Por la resurrección, no recobra el hombre la vida perdida sino que se abre a una vida nueva, a la vida de Dios. Resucitado, no regresa el hombre a la mortalidad sino que se le reviste de inmortalidad.
“Habéis muerto –dice el Apóstol- y vuestra vida está escondida con Cristo en Dios”, o, lo que es lo mismo, la vida de Dios está escondida con Cristo en nosotros.
Así que, si alguien nos pregunta por la resurrección, no decimos: De allá nadie volvió. Sino que confesamos: ¡Cristo Jesús vive!, y somos sus testigos, pues “hemos comido y bebido con él después de su resurrección”, más aún, hemos resucitado con él, y estamos con él a la derecha de Dios en el cielo.

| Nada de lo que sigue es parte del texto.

(* Consider Model 1 (the risk-averse insider model) with $N\ge 1$ trading periods, as described in the context. A subgame perfect linear equilibrium exists. In this equilibrium there are real numbers $\beta_n,\lambda_n,\alpha_n,\delta_n,\Sigma_n$ such that for $n=1,\dots,N$: $x_n=\beta_n(v-p_{n-1})$, $p_n-p_{n-1}=\lambda_n y_n$, $\Sigma_n=\operatorname{Var}(v\mid y_1,\dots,y_n)$, and $$E\Big(\sum_{k=n}^N\pi_k\,\Big|\,p_1,\dots,p_{n-1},v\Big)=\alpha_{n-1}(v-p_{n-1})^2+\delta_{n-1},$$ where $$\delta_n=a_n\sigma_u\Delta t_N^{1/2}\Sigma_n^{1/2},\quad \alpha_n=b_n\sigma_u\Delta t_N^{1/2}\Sigma_n^{-1/2}\quad(n=0,1,\dots,N-1),\qquad \beta_n=c_n\sigma_u\Delta t_N^{1/2}\Sigma_{n-1}^{-1/2}\quad(n=1,\dots,N),$$ and the sequences $\{a_n\},\{b_n\},\{c_n\}$, with terminal values $a_{N-1}=0$, $b_{N-1}=\tfrac12$, $c_N=1$, satisfy for $n=1,\dots,N-1$ the recursion $$a_{n-1}=a_n\Big(\frac{1}{c_n^2+1}\Big)^{1/2}+b_n\Big(\frac{1}{c_n^2+1}\Big)^{3/2}c_n^2,\qquad b_{n-1}=b_n\Big(\frac{1}{c_n^2+1}\Big)^{3/2}+\frac{c_n}{c_n^2+1},\qquad c_n=\Big(\frac{2b_n-a_n}{a_n+b_n}\Big)^{1/2},$$ with $c_n>0$ for $n=1,\dots,N$.
   Context: Model. Fix an integer $N\ge1$ and put $\Delta t_N=1/N$. A risky asset has liquidation value $v\sim N(p_0,\Sigma_0)$ with $\Sigma_0=\sigma_v^2>0$. In each period $n=1,\dots,N$ noise traders submit $u_n\sim N(0,\sigma_u^2\Delta t_N)$ ($\sigma_u>0$), the $u_n$ i.i.d. and independent of $v$. The insider knows $v$ and submits an order $x_n=\beta_n(v-p_{n-1})$ with $\beta_n\in\mathbb R$ (this is the insider's strategy space). The market maker observes the total order $y_n=x_n+u_n$ and sets the price $p_n=E[v\mid y_1,\dots,y_n]$ (semi-strong market efficiency). The insider's profit in period $n$ is $\pi_n=x_n(v-p_n)$, and $\Sigma_n=\operatorname{Var}(v\mid y_1,\dots,y_n)$. For such strategies, with $\lambda_n=\beta_n\Sigma_{n-1}/(\beta_n^2\Sigma_{n-1}+\sigma_u^2\Delta t_N)$ one has $p_n-p_{n-1}=\lambda_ny_n$ and $\Sigma_n=\Sigma_{n-1}\sigma_u^2\Delta t_N/(\beta_n^2\Sigma_{n-1}+\sigma_u^2\Delta t_N)$, and $E(\sum_{k=n}^N\pi_k\mid p_1,\dots,p_{n-1},v)=\alpha_{n-1}(v-p_{n-1})^2+\delta_{n-1}$ with $\alpha_N=\delta_N=0$, $\alpha_{n-1}=\alpha_n(1-\lambda_n\beta_n)^2+\beta_n(1-\lambda_n\beta_n)$, $\delta_{n-1}=\delta_n+\alpha_n\lambda_n^2\sigma_u^2\Delta t_N$. Here $\alpha_{n-1}(v-p_{n-1})^2$ is the "risky profit" and $\delta_{n-1}$ the "guaranteed profit". Equilibrium. An insider strategy specifies, for each period $n$ and each value $\Sigma_{n-1}>0$ of the current conditional variance, an intensity $\beta_n$. Given the strategy for periods $n+1,\dots,N$, each choice of $\beta_n$ determines (through the formulas above, with later intensities given by the strategy applied to the resulting conditional variances) $\alpha_{n-1}$ and $\delta_{n-1}$ as functions of $\beta_n$ and $\Sigma_{n-1}$. A subgame perfect (linear) equilibrium of Model 1 is a strategy such that for every $n$ and every $\Sigma_{n-1}>0$ the prescribed $\beta_n$ first maximizes the guaranteed profit $\delta_{n-1}$ over $\beta_n\in\mathbb R$, and, among the maximizers of $\delta_{n-1}$, maximizes the risky profit $\alpha_{n-1}(v-p_{n-1})^2$ (i.e. maximizes $\alpha_{n-1}$), with the market maker pricing efficiently given this strategy. *)

theory Defs
  imports Complex_Main
begin

text \<open>An insider strategy
  str n S gives the intensity beta_n used in period n when the current conditional
  variance is Sigma_{n-1} = S.\<close>

definition dtN :: "nat \<Rightarrow> real" where
  "dtN N = 1 / real N"

definition lam :: "real \<Rightarrow> nat \<Rightarrow> real \<Rightarrow> real \<Rightarrow> real" where
  "lam su N S b = b * S / (b\<^sup>2 * S + su\<^sup>2 * dtN N)"

definition sig_next :: "real \<Rightarrow> nat \<Rightarrow> real \<Rightarrow> real \<Rightarrow> real" where
  "sig_next su N S b = S * su\<^sup>2 * dtN N / (b\<^sup>2 * S + su\<^sup>2 * dtN N)"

Es cierto: De allá nadie volvió. Pero es más cierto aún que allá, en la vida nueva, ya hemos entrado misteriosamente los que creemos en Cristo Jesús.

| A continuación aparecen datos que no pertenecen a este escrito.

lemma continuous_smult_vec: "continuous_on S (\<lambda>x::complex^'n. a *s x)"
  unfolding continuous_on_def
  by (intro ballI tendsto_smult_vec tendsto_const tendsto_ident_at)

lemma continuous_smult_vec_left: "continuous_on S (\<lambda>k::complex. k *s (w::complex^'n))"
  unfolding continuous_on_def
  by (intro ballI tendsto_smult_vec tendsto_const tendsto_ident_at)

lemma sep_functional:
  fixes S :: "(complex^'n) set"
  assumes "vec.subspace S" "u \<notin> S"
  shows "\<exists>\<phi>. continuous_on UNIV \<phi> \<and> (\<forall>x\<in>S. \<phi> x = 0) \<and> \<phi> u = 1
      \<and> (\<forall>a x. \<phi> (a *s x) = a * \<phi> x) \<and> (\<forall>x y. \<phi> (x + y) = \<phi> x + \<phi> y)"
proof -
  obtain B where B: "B \<subseteq> S" "vec.independent B" "S \<subseteq> vec.span B"
    by (meson vec.basis_exists)
  have "vec.span B \<subseteq> S" by (rule vec.span_minimal[OF B(1) assms(1)])
  then have uB: "u \<notin> vec.span B" using assms(2) by auto
  have ind: "vec.independent (insert u B)"
    using B uB by (simp add: vec.independent_insert)
  define f where "f = vec.construct (insert u B) (\<lambda>b. if b = u then (vec 1 :: complex^'n) else 0)"
  have lin: "Vector_Spaces.linear (*s) (*s) f" unfolding f_def using vec.linear_construct[OF ind] .
  have fu: "f u = vec 1" unfolding f_def by (subst vec.construct_basis[OF ind]) auto
  have fB: "f b = 0" if "b \<in> B" for b
    using that uB vec.span_base[OF that] unfolding f_def
    by (subst vec.construct_basis[OF ind]) auto
  have fS: "f x = 0" if "x \<in> S" for x
    by (rule vec.linear_eq_0_on_span[OF lin fB]) (use B(3) that in auto)
  define \<phi> where "\<phi> x = f x $ (undefined::'n)" for x
  have rep: "\<phi> x = (\<Sum>i\<in>UNIV. x$i * (f (axis i 1) $ undefined))" for x
    unfolding \<phi>_def by (rule linear_componentwise[OF lin])
  have "continuous_on UNIV \<phi>"
  proof -
    have c: "continuous_on UNIV (\<lambda>x::complex^'n. x $ i)" for i
      by (rule linear_continuous_on) (rule bounded_linear_vec_nth)
    show ?thesis unfolding rep
      by (intro continuous_on_sum continuous_on_mult_right c)
  qed
  moreover have "\<forall>x\<in>S. \<phi> x = 0" using fS by (simp add: \<phi>_def)
  moreover have "\<phi> u = 1" by (simp add: \<phi>_def fu)
  moreover have "\<forall>a x. \<phi> (a *s x) = a * \<phi> x"
    using vec.linear_scale[OF lin] by (simp add: \<phi>_def)
  moreover have "\<forall>x y. \<phi> (x + y) = \<phi> x + \<phi> y"
    using vec.linear_add[OF lin] by (simp add: \<phi>_def)
  ultimately show ?thesis by (intro exI[of _ \<phi>]) simp
qed

text \<open>Complex subspaces are closed: a limit point outside would be separated by a
  continuous functional vanishing on the subspace.\<close>
lemma vec_subspace_closed:
  fixes S :: "(complex^'n) set"
  assumes "vec.subspace S"
  shows "closed S"
proof -
  have "u \<in> S" if u: "u \<in> closure S" for u
  proof (rule ccontr)
    assume "u \<notin> S"
    then obtain \<phi> :: "complex^'n \<Rightarrow> complex"
      where \<phi>: "continuous_on UNIV \<phi>" "\<forall>x\<in>S. \<phi> x = 0" "\<phi> u = 1"
      using sep_functional[OF assms] by blast
    have "closed {x. \<phi> x = 0}" by (rule closed_Collect_eq[OF \<phi>(1) continuous_on_const])
    moreover have "S \<subseteq> {x. \<phi> x = 0}" using \<phi>(2) by blast
    ultimately have "closure S \<subseteq> {x. \<phi> x = 0}" by (rule closure_minimal[rotated])
    then show False using u \<phi>(3) by auto
  qed
  then show ?thesis using closure_subset_eq by blast
qed

lemma span_insert_eq_UNIV_iff:
  fixes D :: "(complex^'n) set"
  assumes "vec.subspace D" "w \<notin> D"
  shows "vec.span (insert w D) = UNIV \<longleftrightarrow> vec.dim D = CARD('n) - 1"
proof -
  have "vec.span D = D" using assms(1) vec.span_eq_iff by blast
  then have "vec.dim (insert w D) = vec.dim D + 1"
    using vec.dim_insert[of w D] assms(2) by presburger
  moreover have "vec.span (insert w D) = UNIV \<longleftrightarrow> vec.dim (insert w D) = CARD('n)"
    using vec.dim_eq_full[of "insert w D"] by (simp add: vec.dimension_def card_cart_basis)
  ultimately show ?thesis by auto
qed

Con él nos encontramos y comemos siempre que, conforme a su mandato, escuchamos su palabra, hacemos nuestra su acción de gracias y recibimos los sacramentos de su vida entregada.
Arrodillados como el Señor a los pies de la humanidad, de él aprendemos a servir a los pequeños, a curar heridas, a limpiar miserias, a entregar como un pan nuestras vidas a los pobres.
Con Cristo resucitado comemos y bebemos siempre que los pobres se sientan a nuestra mesa. Y aunque sea poco lo que haya para compartir y guardemos silencio mientras lo compartimos, sabemos muy bien que es el Señor quien está con nosotros.
Porque comemos y bebemos con él, llevamos en el corazón su paz, la que él nos ha dado, su alegría, en la que él nos envuelve, su Espíritu, con el que él nos unge, nos transforma, nos fortalece, nos consuela, nos vivifica, nos justifica, nos santifica, nos resucita.
Su paz, su alegría, su Espíritu, son en nosotros los voceros de su resurrección.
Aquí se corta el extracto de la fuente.